--- Source information Enclosed Below ---

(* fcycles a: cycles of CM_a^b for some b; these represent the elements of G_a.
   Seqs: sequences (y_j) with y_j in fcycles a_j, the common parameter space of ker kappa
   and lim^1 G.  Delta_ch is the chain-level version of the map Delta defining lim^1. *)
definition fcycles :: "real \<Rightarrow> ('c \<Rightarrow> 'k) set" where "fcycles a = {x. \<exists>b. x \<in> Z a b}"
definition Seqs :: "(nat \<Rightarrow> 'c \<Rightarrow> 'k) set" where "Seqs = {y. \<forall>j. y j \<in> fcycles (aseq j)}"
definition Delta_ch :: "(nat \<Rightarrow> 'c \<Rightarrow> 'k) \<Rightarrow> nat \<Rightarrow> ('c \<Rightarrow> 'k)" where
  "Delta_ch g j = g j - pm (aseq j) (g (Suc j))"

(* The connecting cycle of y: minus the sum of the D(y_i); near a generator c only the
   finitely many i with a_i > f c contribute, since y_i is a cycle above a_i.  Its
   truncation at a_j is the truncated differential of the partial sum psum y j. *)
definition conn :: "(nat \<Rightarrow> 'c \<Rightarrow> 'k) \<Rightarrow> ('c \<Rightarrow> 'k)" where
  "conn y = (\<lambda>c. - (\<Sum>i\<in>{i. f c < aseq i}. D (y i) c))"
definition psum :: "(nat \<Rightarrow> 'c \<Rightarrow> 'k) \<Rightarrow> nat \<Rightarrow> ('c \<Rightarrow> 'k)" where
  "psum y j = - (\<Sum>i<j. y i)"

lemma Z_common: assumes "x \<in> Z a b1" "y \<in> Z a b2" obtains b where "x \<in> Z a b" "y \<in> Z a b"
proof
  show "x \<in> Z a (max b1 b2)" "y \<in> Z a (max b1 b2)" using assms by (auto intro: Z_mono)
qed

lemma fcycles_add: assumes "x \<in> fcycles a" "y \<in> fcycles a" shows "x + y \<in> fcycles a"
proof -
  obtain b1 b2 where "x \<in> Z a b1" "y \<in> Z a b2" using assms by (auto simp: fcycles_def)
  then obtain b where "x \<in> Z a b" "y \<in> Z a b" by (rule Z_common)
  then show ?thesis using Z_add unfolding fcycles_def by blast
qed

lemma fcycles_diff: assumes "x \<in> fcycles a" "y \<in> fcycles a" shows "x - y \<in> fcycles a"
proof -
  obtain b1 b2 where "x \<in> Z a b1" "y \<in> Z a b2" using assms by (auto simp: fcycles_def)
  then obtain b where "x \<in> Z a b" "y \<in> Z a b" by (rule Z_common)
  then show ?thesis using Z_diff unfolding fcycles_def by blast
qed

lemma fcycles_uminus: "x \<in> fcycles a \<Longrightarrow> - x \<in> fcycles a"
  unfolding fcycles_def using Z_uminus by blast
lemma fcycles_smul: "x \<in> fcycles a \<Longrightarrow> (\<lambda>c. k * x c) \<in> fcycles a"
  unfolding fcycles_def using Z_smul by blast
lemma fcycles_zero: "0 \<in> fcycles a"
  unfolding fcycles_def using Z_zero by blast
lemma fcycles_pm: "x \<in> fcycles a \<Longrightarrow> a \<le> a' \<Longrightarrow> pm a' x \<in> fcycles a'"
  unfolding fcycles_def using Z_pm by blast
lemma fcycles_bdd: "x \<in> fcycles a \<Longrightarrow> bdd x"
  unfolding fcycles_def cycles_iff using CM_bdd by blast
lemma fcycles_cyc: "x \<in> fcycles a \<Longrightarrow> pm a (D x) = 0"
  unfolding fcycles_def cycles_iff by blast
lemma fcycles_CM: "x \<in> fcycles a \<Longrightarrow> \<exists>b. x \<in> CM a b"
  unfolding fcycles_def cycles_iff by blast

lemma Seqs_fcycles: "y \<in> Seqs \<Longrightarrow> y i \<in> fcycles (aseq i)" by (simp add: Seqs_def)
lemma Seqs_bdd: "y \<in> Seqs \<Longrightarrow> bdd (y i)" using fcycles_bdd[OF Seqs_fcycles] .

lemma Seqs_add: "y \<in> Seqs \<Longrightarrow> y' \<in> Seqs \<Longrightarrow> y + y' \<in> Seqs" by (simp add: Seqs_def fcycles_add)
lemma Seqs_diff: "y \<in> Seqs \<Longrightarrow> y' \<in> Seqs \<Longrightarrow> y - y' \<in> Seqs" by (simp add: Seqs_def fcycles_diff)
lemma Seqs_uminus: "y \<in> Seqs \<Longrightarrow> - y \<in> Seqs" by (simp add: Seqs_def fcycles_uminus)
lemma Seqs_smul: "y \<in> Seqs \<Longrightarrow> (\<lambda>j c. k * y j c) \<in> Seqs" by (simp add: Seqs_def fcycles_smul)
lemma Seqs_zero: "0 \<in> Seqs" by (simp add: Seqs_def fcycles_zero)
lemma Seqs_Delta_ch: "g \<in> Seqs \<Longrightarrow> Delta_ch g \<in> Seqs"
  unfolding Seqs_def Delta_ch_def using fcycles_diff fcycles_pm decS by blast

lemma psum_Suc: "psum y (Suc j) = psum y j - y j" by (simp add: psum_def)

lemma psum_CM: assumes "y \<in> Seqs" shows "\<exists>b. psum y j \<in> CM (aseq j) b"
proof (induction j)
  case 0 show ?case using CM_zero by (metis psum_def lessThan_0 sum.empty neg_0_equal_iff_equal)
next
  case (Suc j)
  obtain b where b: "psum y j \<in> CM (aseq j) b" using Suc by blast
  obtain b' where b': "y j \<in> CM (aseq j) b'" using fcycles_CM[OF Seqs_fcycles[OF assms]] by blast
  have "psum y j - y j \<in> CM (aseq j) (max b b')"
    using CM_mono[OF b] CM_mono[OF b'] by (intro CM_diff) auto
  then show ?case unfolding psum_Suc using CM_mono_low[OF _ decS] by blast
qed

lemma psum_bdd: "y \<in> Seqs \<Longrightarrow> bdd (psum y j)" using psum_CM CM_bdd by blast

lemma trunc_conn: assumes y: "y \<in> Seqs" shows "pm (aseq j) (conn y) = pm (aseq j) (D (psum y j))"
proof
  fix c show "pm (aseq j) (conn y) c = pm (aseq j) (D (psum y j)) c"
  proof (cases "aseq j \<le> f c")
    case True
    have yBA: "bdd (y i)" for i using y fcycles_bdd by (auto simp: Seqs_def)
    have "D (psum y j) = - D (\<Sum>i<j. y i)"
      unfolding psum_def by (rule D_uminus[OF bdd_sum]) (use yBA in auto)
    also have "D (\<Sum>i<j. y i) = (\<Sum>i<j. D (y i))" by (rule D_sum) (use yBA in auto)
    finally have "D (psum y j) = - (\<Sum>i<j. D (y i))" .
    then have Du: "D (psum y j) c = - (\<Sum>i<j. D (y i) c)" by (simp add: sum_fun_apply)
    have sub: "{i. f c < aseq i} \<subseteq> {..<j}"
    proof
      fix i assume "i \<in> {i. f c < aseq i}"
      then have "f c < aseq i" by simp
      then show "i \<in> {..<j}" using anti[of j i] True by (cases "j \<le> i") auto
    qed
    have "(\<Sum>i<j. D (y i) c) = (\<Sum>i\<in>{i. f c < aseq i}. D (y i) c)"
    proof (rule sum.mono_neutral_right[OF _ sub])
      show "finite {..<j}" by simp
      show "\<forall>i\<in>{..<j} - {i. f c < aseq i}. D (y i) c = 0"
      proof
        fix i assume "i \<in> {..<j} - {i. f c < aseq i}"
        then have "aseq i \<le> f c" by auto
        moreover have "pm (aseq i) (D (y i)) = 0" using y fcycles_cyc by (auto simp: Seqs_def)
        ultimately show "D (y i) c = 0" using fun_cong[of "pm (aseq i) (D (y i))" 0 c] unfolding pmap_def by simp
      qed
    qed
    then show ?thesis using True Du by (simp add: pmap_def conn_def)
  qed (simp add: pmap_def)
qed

--- End of Enclosed Source information ---

● **Try it**
Repeat the material word for word, leaving out no line.

● **Task solution**
(* fcycles a: cycles of CM_a^b for some b; these represent the elements of G_a.
   Seqs: sequences (y_j) with y_j in fcycles a_j, the common parameter space of ker kappa
   and lim^1 G.  Delta_ch is the chain-level version of the map Delta defining lim^1. *)
definition fcycles :: "real \<Rightarrow> ('c \<Rightarrow> 'k) set" where "fcycles a = {x. \<exists>b. x \<in> Z a b}"
definition Seqs :: "(nat \<Rightarrow> 'c \<Rightarrow> 'k) set" where "Seqs = {y. \<forall>j. y j \<in> fcycles (aseq j)}"
definition Delta_ch :: "(nat \<Rightarrow> 'c \<Rightarrow> 'k) \<Rightarrow> nat \<Rightarrow> ('c \<Rightarrow> 'k)" where
  "Delta_ch g j = g j - pm (aseq j) (g (Suc j))"

(* The connecting cycle of y: minus the sum of the D(y_i); near a generator c only the
   finitely many i with a_i > f c contribute, since y_i is a cycle above a_i.  Its
   truncation at a_j is the truncated differential of the partial sum psum y j. *)
definition conn :: "(nat \<Rightarrow> 'c \<Rightarrow> 'k) \<Rightarrow> ('c \<Rightarrow> 'k)" where
  "conn y = (\<lambda>c. - (\<Sum>i\<in>{i. f c < aseq i}. D (y i) c))"
definition psum :: "(nat \<Rightarrow> 'c \<Rightarrow> 'k) \<Rightarrow> nat \<Rightarrow> ('c \<Rightarrow> 'k)" where
  "psum y j = - (\<Sum>i<j. y i)"

lemma Z_common: assumes "x \<in> Z a b1" "y \<in> Z a b2" obtains b where "x \<in> Z a b" "y \<in> Z a b"
proof
  show "x \<in> Z a (max b1 b2)" "y \<in> Z a (max b1 b2)" using assms by (auto intro: Z_mono)
qed

lemma fcycles_add: assumes "x \<in> fcycles a" "y \<in> fcycles a" shows "x + y \<in> fcycles a"
proof -
  obtain b1 b2 where "x \<in> Z a b1" "y \<in> Z a b2" using assms by (auto simp: fcycles_def)
  then obtain b where "x \<in> Z a b" "y \<in> Z a b" by (rule Z_common)
  then show ?thesis using Z_add unfolding fcycles_def by blast
qed

lemma fcycles_diff: assumes "x \<in> fcycles a" "y \<in> fcycles a" shows "x - y \<in> fcycles a"
proof -
  obtain b1 b2 where "x \<in> Z a b1" "y \<in> Z a b2" using assms by (auto simp: fcycles_def)
  then obtain b where "x \<in> Z a b" "y \<in> Z a b" by (rule Z_common)
  then show ?thesis using Z_diff unfolding fcycles_def by blast
qed

lemma fcycles_uminus: "x \<in> fcycles a \<Longrightarrow> - x \<in> fcycles a"
  unfolding fcycles_def using Z_uminus by blast
lemma fcycles_smul: "x \<in> fcycles a \<Longrightarrow> (\<lambda>c. k * x c) \<in> fcycles a"
  unfolding fcycles_def using Z_smul by blast
lemma fcycles_zero: "0 \<in> fcycles a"
  unfolding fcycles_def using Z_zero by blast
lemma fcycles_pm: "x \<in> fcycles a \<Longrightarrow> a \<le> a' \<Longrightarrow> pm a' x \<in> fcycles a'"
  unfolding fcycles_def using Z_pm by blast
lemma fcycles_bdd: "x \<in> fcycles a \<Longrightarrow> bdd x"
  unfolding fcycles_def cycles_iff using CM_bdd by blast
lemma fcycles_cyc: "x \<in> fcycles a \<Longrightarrow> pm a (D x) = 0"
  unfolding fcycles_def cycles_iff by blast
lemma fcycles_CM: "x \<in> fcycles a \<Longrightarrow> \<exists>b. x \<in> CM a b"
  unfolding fcycles_def cycles_iff by blast

lemma Seqs_fcycles: "y \<in> Seqs \<Longrightarrow> y i \<in> fcycles (aseq i)" by (simp add: Seqs_def)
lemma Seqs_bdd: "y \<in> Seqs \<Longrightarrow> bdd (y i)" using fcycles_bdd[OF Seqs_fcycles] .

lemma Seqs_add: "y \<in> Seqs \<Longrightarrow> y' \<in> Seqs \<Longrightarrow> y + y' \<in> Seqs" by (simp add: Seqs_def fcycles_add)
lemma Seqs_diff: "y \<in> Seqs \<Longrightarrow> y' \<in> Seqs \<Longrightarrow> y - y' \<in> Seqs" by (simp add: Seqs_def fcycles_diff)
lemma Seqs_uminus: "y \<in> Seqs \<Longrightarrow> - y \<in> Seqs" by (simp add: Seqs_def fcycles_uminus)
lemma Seqs_smul: "y \<in> Seqs \<Longrightarrow> (\<lambda>j c. k * y j c) \<in> Seqs" by (simp add: Seqs_def fcycles_smul)
lemma Seqs_zero: "0 \<in> Seqs" by (simp add: Seqs_def fcycles_zero)
lemma Seqs_Delta_ch: "g \<in> Seqs \<Longrightarrow> Delta_ch g \<in> Seqs"
  unfolding Seqs_def Delta_ch_def using fcycles_diff fcycles_pm decS by blast

lemma psum_Suc: "psum y (Suc j) = psum y j - y j" by (simp add: psum_def)

lemma psum_CM: assumes "y \<in> Seqs" shows "\<exists>b. psum y j \<in> CM (aseq j) b"
proof (induction j)
  case 0 show ?case using CM_zero by (metis psum_def lessThan_0 sum.empty neg_0_equal_iff_equal)
next
  case (Suc j)
  obtain b where b: "psum y j \<in> CM (aseq j) b" using Suc by blast
  obtain b' where b': "y j \<in> CM (aseq j) b'" using fcycles_CM[OF Seqs_fcycles[OF assms]] by blast
  have "psum y j - y j \<in> CM (aseq j) (max b b')"
    using CM_mono[OF b] CM_mono[OF b'] by (intro CM_diff) auto
  then show ?case unfolding psum_Suc using CM_mono_low[OF _ decS] by blast
qed

lemma psum_bdd: "y \<in> Seqs \<Longrightarrow> bdd (psum y j)" using psum_CM CM_bdd by blast

lemma trunc_conn: assumes y: "y \<in> Seqs" shows "pm (aseq j) (conn y) = pm (aseq j) (D (psum y j))"
proof
  fix c show "pm (aseq j) (conn y) c = pm (aseq j) (D (psum y j)) c"
  proof (cases "aseq j \<le> f c")
    case True
    have yBA: "bdd (y i)" for i using y fcycles_bdd by (auto simp: Seqs_def)
    have "D (psum y j) = - D (\<Sum>i<j. y i)"
      unfolding psum_def by (rule D_uminus[OF bdd_sum]) (use yBA in auto)
    also have "D (\<Sum>i<j. y i) = (\<Sum>i<j. D (y i))" by (rule D_sum) (use yBA in auto)
    finally have "D (psum y j) = - (\<Sum>i<j. D (y i))" .
    then have Du: "D (psum y j) c = - (\<Sum>i<j. D (y i) c)" by (simp add: sum_fun_apply)
    have sub: "{i. f c < aseq i} \<subseteq> {..<j}"
    proof
      fix i assume "i \<in> {i. f c < aseq i}"
      then have "f c < aseq i" by simp
      then show "i \<in> {..<j}" using anti[of j i] True by (cases "j \<le> i") auto
    qed
    have "(\<Sum>i<j. D (y i) c) = (\<Sum>i\<in>{i. f c < aseq i}. D (y i) c)"
    proof (rule sum.mono_neutral_right[OF _ sub])
      show "finite {..<j}" by simp
      show "\<forall>i\<in>{..<j} - {i. f c < aseq i}. D (y i) c = 0"
      proof
        fix i assume "i \<in> {..<j} - {i. f c < aseq i}"
        then have "aseq i \<le> f c" by auto
        moreover have "pm (aseq i) (D (y i)) = 0" using y fcycles_cyc by (auto simp: Seqs_def)
        ultimately show "D (y i) c = 0" using fun_cong[of "pm (aseq i) (D (y i))" 0 c] unfolding pmap_def by simp
      qed
    qed
    then show ?thesis using True Du by (simp add: pmap_def conn_def)
  qed (simp add: pmap_def)
qed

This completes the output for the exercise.